PROBLEM DESCRIPTION: Scan the records below and copy every line that contains the string "distinct".

Stored data:
______________________________

lemma no_profile_relation_at_infinity:
  assumes rel: "smult u ((linear_form x1 * linear_form x2) ^ 3) + smult v (B ^ 2)
                  + smult w (linear_form c ^ 3 * linear_form e) = 0"
    and nz: "u \<noteq> 0" "v \<noteq> 0" "w \<noteq> 0"
    and distinct: "None \<notin> {x1, x2, c, e}" "c \<notin> {x1, x2, e}"
  shows False
proof -
  obtain t where c: "c = Some t"
    using distinct by (cases c) auto
  obtain e0 where e0: "shift_P1 t e = Some e0" "e0 \<noteq> 0"
    using distinct c by (cases e) auto
  define A where "A = linear_form (shift_P1 t x1) * linear_form (shift_P1 t x2)"
  obtain a1 a2 where "x1 = Some a1" "x2 = Some a2" "a1 \<noteq> t" "a2 \<noteq> t"
    using distinct c by (cases x1; cases x2) auto
  then have "degree A = 2" "poly A 0 \<noteq> 0"
    by (simp_all add: A_def)
  have C: "[:0, 0, 0, -e0, 1:] = linear_form (shift_P1 t c) ^ 3 * linear_form (shift_P1 t e)"
    using c e0 by (simp add: eval_nat_numeral)
  have "poly (smult u (A ^ 3) + smult v (pcompose B [:t, 1:] ^ 2) + smult w [:0, 0, 0, -e0, 1:]) z
          = poly (smult u ((linear_form x1 * linear_form x2) ^ 3) + smult v (B ^ 2)
                  + smult w (linear_form c ^ 3 * linear_form e)) (t + z)" for z
    unfolding A_def C by (simp add: poly_linear_form_shift poly_pcompose)
  then have "smult u (A ^ 3) + smult v (pcompose B [:t, 1:] ^ 2) + smult w [:0, 0, 0, -e0, 1:] = 0"
    using rel by (intro poly_all_0_iff_0[THEN iffD1]) simp
  then show False
    by (rule no_cubic_square_relation) (use nz e0 \<open>degree A = 2\<close> \<open>poly A 0 \<noteq> 0\<close> in auto)
qed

______________________________

YOUR RESPONSE:
    and distinct: "None \<notin> {x1, x2, c, e}" "c \<notin> {x1, x2, e}"
    using distinct by (cases c) auto
    using distinct c by (cases e) auto
    using distinct c by (cases x1; cases x2) auto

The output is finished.